Density range and norm
145 to 195 kg/m³ (DIN EN ISO 845)
Possibilities Material
Most sold thicknesses
2, 3, 4, 5, 6, 10 mm
While the most commonly sold thicknesses provide an initial indication of the standard options available, there are many more possibilities. If the thickness you are looking for is not listed, please contact us. We can often can easily customise the thickness, and there may also be an alternative material that comes in the desired thickness.
Minimum thickness
2 mm
The minimum thickness gives an indication of our technical capabilities, and is often a standard thickness. Should you need thinner material, however, please contact us. Sometimes we can provide this, and other times we can supply alternative materials in the desired thickness.
Maximum thickness
20 mm
The maximum thickness gives an indication of our technical capabilities. Should you need thicker material, however, please contact us. For some materials, we can glue several layers together to achieve the desired thickness, while for other materials we can use larger blocks. The possible solutions usually depend on the other desired dimensions and shape.
Dimension sheet
1250 x 2050 mm
At EKI, we cut shapes and strips from sheets. The standard sheet width indicates the maximum dimensions that are possible.
UV resistance
very good
Ozone resistance
very good
Sealing for which joint types
level/parallel
flat = smooth surface like metal/uneven = irregular surface like masonry/parallel = a joint that is very constant/gradient = a joint that varies a lot in thickness. Smooth and flat joints are not a problem, but irregular and gradient joints can be challenging. When it comes to masonry, for example, any unevenness should be properly accommodated but still provide a good seal. For gradient joints, the material should be very compressible, but still provide an effective seal in the areas where the tape is much less compressed.
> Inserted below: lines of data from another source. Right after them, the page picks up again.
lemma hyperbolic_onI:
  assumes "\<And>m. m \<in> I \<Longrightarrow> B (e m) (e m) = 0 \<and> B (f m) (f m) = 0 \<and> B (e m) (f m) = 1"
    and "\<And>m i. m \<in> I \<Longrightarrow> i \<in> I \<Longrightarrow> i < m \<Longrightarrow>
           B (e m) (e i) = 0 \<and> B (e m) (f i) = 0 \<and> B (f m) (e i) = 0 \<and> B (f m) (f i) = 0"
  shows "hyperbolic_on I e f"
  unfolding hyperbolic_on_def
proof (intro ballI)
  fix i j assume "i \<in> I" "j \<in> I"
  then consider "i = j" | "i < j" | "j < i" by fastforce
  then show "B (e i) (e j) = 0 \<and> B (f i) (f j) = 0 \<and> B (e i) (f j) = of_bool (i = j)"
  proof cases
    case 2
    with assms(2)[OF \<open>j \<in> I\<close> \<open>i \<in> I\<close>] show ?thesis
      by (simp add: symmetric[of "e j"] symmetric[of "f j"])
  qed (use assms \<open>i \<in> I\<close> \<open>j \<in> I\<close> in auto)
qed

text \<open>A quadratic form containing an infinite family of hyperbolic planes has infinite strength:
  if \<open>q = \<Sum>j<n. g\<^sub>j h\<^sub>j\<close>, some nonzero \<open>u\<close> in the isotropic span of \<open>E 0, \<dots>, E (2n)\<close> is
  killed by all \<open>2n\<close> forms, so \<open>q (u + F k) = q (F k)\<close>, whereas \<open>B u (F k) \<noteq> 0\<close>.\<close>
lemma nondegenerate_if_hyperbolic_family:
  assumes two: "(2::'k) \<noteq> 0" and hyp: "hyperbolic_on UNIV E F"
  shows "nondegenerate (*s) (\<lambda>x. B x x)"
  unfolding nondegenerate_iff
proof (intro allI notI)
  fix n assume "strength_le (*s) (\<lambda>x. B x x) n"
  then obtain g h where lf: "\<And>j. j < n \<Longrightarrow> linear_form (*s) (g j) \<and> linear_form (*s) (h j)"
    and q: "\<And>v. B v v = (\<Sum>j<n. g j v * h j v)"
    unfolding strength_le_def by blast
  define l where "l j = (if j < n then g j else h (j - n))" for j
  obtain a where a: "\<exists>k\<in>{..2*n}. a k \<noteq> 0" "\<forall>j<2*n. (\<Sum>i\<in>{..2*n}. l j (E i) * a i) = 0"
    using homogeneous_system_nontrivial_solution[of "{..2*n}" "2*n" "\<lambda>j i. l j (E i)"] by auto
  then obtain k where k: "k \<le> 2*n" "a k \<noteq> 0" by auto
  define u where "u = (\<Sum>i\<in>{..2*n}. a i *s E i)"
  have lu: "l j u = 0" if "j < 2*n" for j
  proof -
    have "linear_form (*s) (l j)" using lf that by (auto simp: l_def)
    then have "l j u = (\<Sum>i\<in>{..2*n}. l j (E i) * a i)"
      by (simp add: u_def linear_form_sum linear_form_scale mult.commute)
    with a(2) that show ?thesis by simp
  qed
  have "B (u + F k) (u + F k) = B (F k) (F k)"
  proof -
    have "g j (u + F k) * h j (u + F k) = g j (F k) * h j (F k)" if "j < n" for j
      using lf[OF that] lu[of j] lu[of "n + j"] that by (auto simp: l_def linear_form_add)
    then show ?thesis by (simp add: q)
  qed
  moreover have "B u u = 0" and "B u (F k) = a k"
    using k hyp by (simp_all add: u_def expand hyperbolic_on_def)
  ultimately have "2 * a k = 0" by (simp add: diag_add)
  with two k show False by simp
qed

lemma hyperbolic_pair_from_isotropic:
  assumes two: "(2::'k) \<noteq> 0" and K: "subspace K" "a \<in> K" "b \<in> K"
    and "B a a = 0" "B a b \<noteq> 0"
  shows "\<exists>b'\<in>K. B b' b' = 0 \<and> B a b' = 1"
proof -
  define b1 where "b1 = (1 / B a b) *s b"
  define b' where "b' = b1 + (- B b1 b1 / 2) *s a"
  have ab1: "B a b1 = 1" using assms by (simp add: b1_def expand)
  then have "B b' b' = 0" using assms by (simp add: b'_def diag_add expand symmetric[of b1 a])
  moreover have "B a b' = 1" using assms ab1 by (simp add: b'_def expand)
  moreover have "b' \<in> K" unfolding b'_def b1_def using K by (intro subspace_add subspace_scale)
  ultimately show ?thesis by blast
qed

text \<open>If \<open>B c c \<noteq> 0\<close> and some \<open>x\<close> violated the identity, the line through \<open>x\<close> in direction
  \<open>c\<close> would contain an isotropic vector not orthogonal to \<open>c\<close>: solve the quadratic equation
  \<open>B (x - t *s c) (x - t *s c) = 0\<close> for \<open>t\<close>.\<close>
lemma diag_eq_square_if_isotropic_orthogonal:
  assumes sqrt: "\<And>d::'k. \<exists>r. r * r = d"
    and K: "subspace K" "c \<in> K" "x \<in> K" and c: "B c c \<noteq> 0"
    and iso: "\<And>a. a \<in> K \<Longrightarrow> B a a = 0 \<Longrightarrow> B a c = 0"
  shows "B x x * B c c = B x c * B x c"
proof -
  define \<beta> where "\<beta> = B x c"
  define \<gamma> where "\<gamma> = B c c"
  obtain r where r: "r * r = \<beta> * \<beta> - \<gamma> * B x x" using sqrt by blast
  define t where "t = (\<beta> + r) / \<gamma>"
  define a where "a = x - t *s c"
  have tg: "t * \<gamma> = \<beta> + r" using c by (simp add: t_def \<gamma>_def)
  have Baa: "B a a = B x x - 2 * t * \<beta> + t * t * \<gamma>"
    by (simp add: a_def expand \<beta>_def \<gamma>_def symmetric[of c x] algebra_simps)
  have "B a a * \<gamma> = B x x * \<gamma> - 2 * (t * \<gamma>) * \<beta> + (t * \<gamma>) * (t * \<gamma>)"
    by (simp add: Baa algebra_simps)
  also have "\<dots> = B x x * \<gamma> - \<beta> * \<beta> + r * r" unfolding tg by (simp add: algebra_simps)
  also have "\<dots> = 0" by (simp add: r algebra_simps)
  finally have "B a a = 0" using c by (simp add: \<gamma>_def)
  moreover have "a \<in> K" using K by (simp add: a_def subspace_diff subspace_scale)
  ultimately have "B a c = 0" by (rule iso[rotated])
  then have "\<beta> = t * \<gamma>" by (simp add: a_def expand \<beta>_def \<gamma>_def)
  with Baa \<open>B a a = 0\<close> have "B x x = t * \<beta>" by (simp add: algebra_simps)
  with \<open>\<beta> = t * \<gamma>\<close> show ?thesis by (simp add: \<beta>_def \<gamma>_def)
qed

lemma projection_orthogonal_hyperbolic:
  assumes "hyperbolic_on {..<n} e f"
  obtains p where "\<And>x. p x \<in> orthogonal (e ` {..<n} \<union> f ` {..<n})"
    and "\<And>x y. y \<in> orthogonal (e ` {..<n} \<union> f ` {..<n}) \<Longrightarrow> B (p x) y = B x y"
    and "\<And>x. B x x = B (p x) (p x) + (\<Sum>i<n. B x (2 *s e i) * B x (f i))"
proof
  have ef: "B (e i) (e j) = 0" "B (f i) (f j) = 0" "B (e i) (f j) = of_bool (i = j)"
    "B (f j) (e i) = of_bool (i = j)" if "i < n" "j < n" for i j
    using assms that symmetric[of "f j" "e i"] by (auto simp: hyperbolic_on_def)
  define h where "h x = (\<Sum>i<n. B x (f i) *s e i + B x (e i) *s f i)" for x
  have h_orth: "B (h x) y = 0" if "y \<in> orthogonal (e ` {..<n} \<union> f ` {..<n})" for x y
    using that by (simp add: h_def expand orthogonal_def symmetric[of _ y])
  have Bh: "B (h x) (e j) = B x (e j)" "B (h x) (f j) = B x (f j)" if "j < n" for x j
    using that by (simp_all add: h_def expand ef)
  show "x - h x \<in> orthogonal (e ` {..<n} \<union> f ` {..<n})" for x
    by (auto simp: orthogonal_def diff_left Bh)
  show "B (x - h x) y = B x y" if "y \<in> orthogonal (e ` {..<n} \<union> f ` {..<n})" for x y
    using h_orth[OF that] by (simp add: diff_left)
  show "B x x = B (x - h x) (x - h x) + (\<Sum>i<n. B x (2 *s e i) * B x (f i))" for x
  proof -
    have "B (h x) x - B (h x) (h x) = 0"
      using h_orth[OF \<open>x - h x \<in> _\<close>] by (simp add: diff_right)
    then have "B x x - B (x - h x) (x - h x) = B x (h x)"
      by (simp add: diff_left diff_right)
    also have "\<dots> = (\<Sum>i<n. B x (f i) * B x (e i) + B x (e i) * B x (f i))"
      by (simp add: h_def sum_right add_right scale_right)
    also have "\<dots> = (\<Sum>i<n. B x (2 *s e i) * B x (f i))"
      by (simp add: scale_right mult.commute mult.left_commute flip: mult_2)
    finally show ?thesis by (simp add: algebra_simps)
  qed
qed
Technical Properties Material
Temperature range
-30 °C to +80 °C, intermittent +90 °C
FMVSS302
compliant
The Federal Motor Vehicle Safety Standard (FMVSS) 302 is an international test that measures the flammability of a material. This standard specifies the burning behaviour exhibited by a material. If a material is compliant, this means that a certain minimum level of safety is guaranteed.
Behavior with fire
slowly flame-extinguishing
Linear shrinkage 22h, 70 °C
< 5%
Thermal conductivity
0,037 W/mK
Thermal conductivity indicates how a material conducts heat, and depends on temperature, density and moisture content. This value is calculated at 20°C
Compression deflection 25%
40 kPa (35 - 43 kPa, ASTM D1056)
The amount of force needed to compress the material by 25%, expressed in kPa. For compression by 25%, we generally work with the following standard ranges: 0-15, 15-35, 20-50, 35-65, 65-90, 90-120 and 120-175. The ranges are fairly broad, but do give a good idea when comparing materials of different hardnesses.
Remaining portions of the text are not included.